[Start of Attachment]
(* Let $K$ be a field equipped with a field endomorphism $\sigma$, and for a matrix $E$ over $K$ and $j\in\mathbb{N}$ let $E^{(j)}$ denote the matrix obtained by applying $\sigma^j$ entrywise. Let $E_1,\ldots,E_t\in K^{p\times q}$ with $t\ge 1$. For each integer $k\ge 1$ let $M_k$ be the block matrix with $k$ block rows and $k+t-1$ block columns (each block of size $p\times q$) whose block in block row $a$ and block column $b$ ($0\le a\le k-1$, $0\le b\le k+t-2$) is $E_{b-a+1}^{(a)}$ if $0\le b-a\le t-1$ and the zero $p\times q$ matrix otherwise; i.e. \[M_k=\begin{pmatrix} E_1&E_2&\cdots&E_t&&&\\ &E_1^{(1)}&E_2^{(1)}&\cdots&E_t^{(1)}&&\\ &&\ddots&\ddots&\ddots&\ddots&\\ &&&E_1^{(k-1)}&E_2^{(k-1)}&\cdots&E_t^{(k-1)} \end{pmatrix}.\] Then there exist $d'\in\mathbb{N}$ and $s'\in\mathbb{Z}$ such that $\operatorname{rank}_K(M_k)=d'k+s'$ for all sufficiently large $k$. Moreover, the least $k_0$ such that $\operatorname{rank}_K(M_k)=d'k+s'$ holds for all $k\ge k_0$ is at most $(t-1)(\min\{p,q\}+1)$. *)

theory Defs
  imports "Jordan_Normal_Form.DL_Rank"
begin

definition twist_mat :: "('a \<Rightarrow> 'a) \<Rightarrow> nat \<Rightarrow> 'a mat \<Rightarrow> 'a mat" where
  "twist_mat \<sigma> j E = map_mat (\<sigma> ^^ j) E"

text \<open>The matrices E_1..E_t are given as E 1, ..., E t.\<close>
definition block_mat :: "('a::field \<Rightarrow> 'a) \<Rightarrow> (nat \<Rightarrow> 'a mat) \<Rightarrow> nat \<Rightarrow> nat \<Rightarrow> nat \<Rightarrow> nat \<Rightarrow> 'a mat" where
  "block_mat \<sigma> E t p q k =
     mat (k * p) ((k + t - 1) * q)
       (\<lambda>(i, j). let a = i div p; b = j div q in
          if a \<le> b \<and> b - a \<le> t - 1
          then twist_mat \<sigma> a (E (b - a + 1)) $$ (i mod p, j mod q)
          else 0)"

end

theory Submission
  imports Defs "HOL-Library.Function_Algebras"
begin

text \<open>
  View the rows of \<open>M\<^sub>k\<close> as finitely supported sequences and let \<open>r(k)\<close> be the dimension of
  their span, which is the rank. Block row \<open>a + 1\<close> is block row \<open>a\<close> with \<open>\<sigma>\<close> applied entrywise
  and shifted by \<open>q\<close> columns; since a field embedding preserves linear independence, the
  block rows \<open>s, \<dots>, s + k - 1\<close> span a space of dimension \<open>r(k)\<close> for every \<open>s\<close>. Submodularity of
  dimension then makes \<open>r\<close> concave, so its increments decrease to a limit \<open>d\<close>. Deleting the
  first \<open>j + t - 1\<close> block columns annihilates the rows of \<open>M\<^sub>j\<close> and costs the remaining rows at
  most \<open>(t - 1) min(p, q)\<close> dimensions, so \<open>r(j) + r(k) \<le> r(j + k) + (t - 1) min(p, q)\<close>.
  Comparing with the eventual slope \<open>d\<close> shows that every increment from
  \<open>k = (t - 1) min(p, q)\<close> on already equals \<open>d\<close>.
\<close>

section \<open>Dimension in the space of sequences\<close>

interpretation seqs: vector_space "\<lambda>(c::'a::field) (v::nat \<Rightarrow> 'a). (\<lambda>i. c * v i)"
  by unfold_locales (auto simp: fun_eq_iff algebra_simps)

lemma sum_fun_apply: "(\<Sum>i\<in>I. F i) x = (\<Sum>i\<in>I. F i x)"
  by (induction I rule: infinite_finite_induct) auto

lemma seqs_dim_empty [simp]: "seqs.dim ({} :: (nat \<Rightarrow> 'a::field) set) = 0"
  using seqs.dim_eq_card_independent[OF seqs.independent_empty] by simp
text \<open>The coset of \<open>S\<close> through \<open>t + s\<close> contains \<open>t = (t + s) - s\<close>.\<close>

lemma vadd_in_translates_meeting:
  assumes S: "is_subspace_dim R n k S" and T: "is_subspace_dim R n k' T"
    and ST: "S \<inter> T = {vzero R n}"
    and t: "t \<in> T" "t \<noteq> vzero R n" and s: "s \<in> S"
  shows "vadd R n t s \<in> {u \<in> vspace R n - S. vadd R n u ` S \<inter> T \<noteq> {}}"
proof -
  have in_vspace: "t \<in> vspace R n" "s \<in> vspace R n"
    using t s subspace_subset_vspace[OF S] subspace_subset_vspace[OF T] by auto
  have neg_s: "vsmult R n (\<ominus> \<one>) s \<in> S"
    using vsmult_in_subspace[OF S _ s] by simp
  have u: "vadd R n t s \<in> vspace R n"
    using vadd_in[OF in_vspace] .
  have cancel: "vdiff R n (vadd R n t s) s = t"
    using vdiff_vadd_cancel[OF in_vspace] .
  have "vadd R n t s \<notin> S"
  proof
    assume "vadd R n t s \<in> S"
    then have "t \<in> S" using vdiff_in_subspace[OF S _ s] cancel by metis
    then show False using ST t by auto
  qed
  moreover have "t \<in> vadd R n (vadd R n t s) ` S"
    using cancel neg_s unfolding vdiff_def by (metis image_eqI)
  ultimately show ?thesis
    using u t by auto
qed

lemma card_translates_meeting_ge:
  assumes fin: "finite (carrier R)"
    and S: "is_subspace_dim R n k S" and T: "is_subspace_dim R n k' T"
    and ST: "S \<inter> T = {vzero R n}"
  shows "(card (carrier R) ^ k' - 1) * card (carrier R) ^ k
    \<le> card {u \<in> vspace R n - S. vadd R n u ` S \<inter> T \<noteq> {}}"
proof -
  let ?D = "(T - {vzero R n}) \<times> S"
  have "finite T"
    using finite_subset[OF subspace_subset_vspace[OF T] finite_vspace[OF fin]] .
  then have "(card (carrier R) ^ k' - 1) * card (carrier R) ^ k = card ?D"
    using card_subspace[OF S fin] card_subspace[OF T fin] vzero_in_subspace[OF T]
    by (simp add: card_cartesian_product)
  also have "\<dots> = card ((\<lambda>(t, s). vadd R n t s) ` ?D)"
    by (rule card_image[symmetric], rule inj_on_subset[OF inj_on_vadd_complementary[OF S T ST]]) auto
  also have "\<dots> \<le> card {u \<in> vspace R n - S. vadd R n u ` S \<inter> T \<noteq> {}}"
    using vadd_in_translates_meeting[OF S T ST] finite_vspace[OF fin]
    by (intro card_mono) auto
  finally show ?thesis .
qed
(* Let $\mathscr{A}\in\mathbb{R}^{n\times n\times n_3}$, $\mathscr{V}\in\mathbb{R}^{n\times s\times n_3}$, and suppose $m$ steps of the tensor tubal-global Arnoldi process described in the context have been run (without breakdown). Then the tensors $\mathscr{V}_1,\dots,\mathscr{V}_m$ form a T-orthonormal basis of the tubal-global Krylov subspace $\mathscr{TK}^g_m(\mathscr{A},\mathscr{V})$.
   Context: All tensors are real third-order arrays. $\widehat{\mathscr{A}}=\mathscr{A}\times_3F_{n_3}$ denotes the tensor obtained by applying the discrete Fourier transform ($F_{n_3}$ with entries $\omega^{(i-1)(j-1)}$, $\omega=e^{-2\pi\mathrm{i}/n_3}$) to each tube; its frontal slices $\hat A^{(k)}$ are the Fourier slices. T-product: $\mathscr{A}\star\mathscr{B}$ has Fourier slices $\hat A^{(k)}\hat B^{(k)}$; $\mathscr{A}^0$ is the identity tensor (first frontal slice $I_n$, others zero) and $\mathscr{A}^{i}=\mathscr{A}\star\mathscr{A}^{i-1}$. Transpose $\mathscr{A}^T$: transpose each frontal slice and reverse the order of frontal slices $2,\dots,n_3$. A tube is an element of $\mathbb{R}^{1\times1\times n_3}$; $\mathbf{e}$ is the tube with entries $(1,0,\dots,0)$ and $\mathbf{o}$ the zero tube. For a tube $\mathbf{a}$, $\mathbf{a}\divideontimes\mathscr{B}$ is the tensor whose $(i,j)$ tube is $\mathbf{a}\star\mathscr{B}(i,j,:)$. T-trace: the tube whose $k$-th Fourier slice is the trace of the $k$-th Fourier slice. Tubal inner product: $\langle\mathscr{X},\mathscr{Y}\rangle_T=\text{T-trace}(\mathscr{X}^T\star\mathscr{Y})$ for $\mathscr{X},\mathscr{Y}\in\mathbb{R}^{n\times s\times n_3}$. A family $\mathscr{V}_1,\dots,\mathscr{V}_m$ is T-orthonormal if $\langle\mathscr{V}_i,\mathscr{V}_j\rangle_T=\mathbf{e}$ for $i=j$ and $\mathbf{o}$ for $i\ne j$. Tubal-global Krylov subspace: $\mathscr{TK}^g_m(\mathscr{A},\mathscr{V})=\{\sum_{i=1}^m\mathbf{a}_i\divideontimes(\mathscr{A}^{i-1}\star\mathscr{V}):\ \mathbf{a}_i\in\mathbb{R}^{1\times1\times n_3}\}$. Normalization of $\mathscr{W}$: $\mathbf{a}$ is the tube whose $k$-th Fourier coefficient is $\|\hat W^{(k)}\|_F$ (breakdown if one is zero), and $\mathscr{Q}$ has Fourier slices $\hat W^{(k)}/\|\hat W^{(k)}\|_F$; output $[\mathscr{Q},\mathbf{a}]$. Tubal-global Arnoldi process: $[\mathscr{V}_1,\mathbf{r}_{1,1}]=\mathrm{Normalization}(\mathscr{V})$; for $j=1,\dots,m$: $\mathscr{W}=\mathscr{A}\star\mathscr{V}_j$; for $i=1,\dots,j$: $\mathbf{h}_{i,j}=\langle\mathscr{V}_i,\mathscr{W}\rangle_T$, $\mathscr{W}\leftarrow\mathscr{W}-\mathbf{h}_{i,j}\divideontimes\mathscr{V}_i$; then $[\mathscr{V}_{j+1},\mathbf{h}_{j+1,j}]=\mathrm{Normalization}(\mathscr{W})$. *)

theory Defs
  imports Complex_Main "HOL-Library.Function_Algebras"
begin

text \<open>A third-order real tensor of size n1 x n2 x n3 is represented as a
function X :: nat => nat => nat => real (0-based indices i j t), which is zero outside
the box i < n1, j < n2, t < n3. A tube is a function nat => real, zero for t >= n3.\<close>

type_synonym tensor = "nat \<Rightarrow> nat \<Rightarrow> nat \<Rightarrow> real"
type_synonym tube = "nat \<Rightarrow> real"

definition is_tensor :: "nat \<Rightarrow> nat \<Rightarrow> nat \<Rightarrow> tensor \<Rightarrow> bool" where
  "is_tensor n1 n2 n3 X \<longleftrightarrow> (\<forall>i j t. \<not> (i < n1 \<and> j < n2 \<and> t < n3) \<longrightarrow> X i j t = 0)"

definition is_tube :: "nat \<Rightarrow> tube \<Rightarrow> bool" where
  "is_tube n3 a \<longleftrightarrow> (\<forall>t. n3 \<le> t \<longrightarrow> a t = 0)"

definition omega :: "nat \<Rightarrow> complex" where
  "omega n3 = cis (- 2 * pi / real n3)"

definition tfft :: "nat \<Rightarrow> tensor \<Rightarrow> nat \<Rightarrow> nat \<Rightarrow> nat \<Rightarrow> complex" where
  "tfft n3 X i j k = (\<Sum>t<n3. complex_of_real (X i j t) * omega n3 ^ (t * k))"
[End of Attachment]
[Start of Attachment]
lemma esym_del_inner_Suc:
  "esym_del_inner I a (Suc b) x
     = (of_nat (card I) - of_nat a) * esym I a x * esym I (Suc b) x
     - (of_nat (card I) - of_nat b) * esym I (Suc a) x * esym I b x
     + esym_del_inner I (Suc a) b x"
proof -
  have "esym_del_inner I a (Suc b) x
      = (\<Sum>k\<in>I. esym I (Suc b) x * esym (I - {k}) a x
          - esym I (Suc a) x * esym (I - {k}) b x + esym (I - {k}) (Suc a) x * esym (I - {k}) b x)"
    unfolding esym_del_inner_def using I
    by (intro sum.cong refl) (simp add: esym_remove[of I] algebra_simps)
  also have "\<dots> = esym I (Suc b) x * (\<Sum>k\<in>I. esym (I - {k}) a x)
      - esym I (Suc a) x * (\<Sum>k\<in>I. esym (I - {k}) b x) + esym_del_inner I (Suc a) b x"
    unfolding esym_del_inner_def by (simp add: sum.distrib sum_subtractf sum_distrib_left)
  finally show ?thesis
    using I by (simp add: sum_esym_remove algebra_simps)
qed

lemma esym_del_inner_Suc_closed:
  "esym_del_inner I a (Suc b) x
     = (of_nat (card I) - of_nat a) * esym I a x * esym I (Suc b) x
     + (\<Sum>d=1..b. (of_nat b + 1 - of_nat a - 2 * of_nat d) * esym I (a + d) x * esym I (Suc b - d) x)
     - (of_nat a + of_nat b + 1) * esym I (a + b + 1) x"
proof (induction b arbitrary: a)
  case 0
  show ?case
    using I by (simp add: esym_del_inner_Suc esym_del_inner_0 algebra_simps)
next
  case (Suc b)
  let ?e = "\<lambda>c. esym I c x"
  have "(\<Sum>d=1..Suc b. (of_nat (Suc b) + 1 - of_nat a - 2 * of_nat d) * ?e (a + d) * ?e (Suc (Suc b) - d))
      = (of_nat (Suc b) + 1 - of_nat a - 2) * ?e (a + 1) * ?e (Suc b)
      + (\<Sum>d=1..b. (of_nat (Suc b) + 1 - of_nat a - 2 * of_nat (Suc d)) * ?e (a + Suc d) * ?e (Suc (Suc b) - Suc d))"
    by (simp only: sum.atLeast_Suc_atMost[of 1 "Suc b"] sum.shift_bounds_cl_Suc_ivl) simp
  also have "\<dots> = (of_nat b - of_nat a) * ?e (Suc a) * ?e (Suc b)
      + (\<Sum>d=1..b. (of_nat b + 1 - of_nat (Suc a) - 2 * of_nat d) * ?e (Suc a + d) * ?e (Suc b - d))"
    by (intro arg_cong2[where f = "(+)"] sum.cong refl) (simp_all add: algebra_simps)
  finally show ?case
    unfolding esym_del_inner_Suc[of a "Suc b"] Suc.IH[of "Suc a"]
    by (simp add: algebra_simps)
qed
[End of Attachment]
• Your instructions:
Where the word "sequences" shows up in a line of the entries above, copy that line.

• Output below:
  View the rows of \<open>M\<^sub>k\<close> as finitely supported sequences and let \<open>r(k)\<close> be the dimension of
section \<open>Dimension in the space of sequences\<close>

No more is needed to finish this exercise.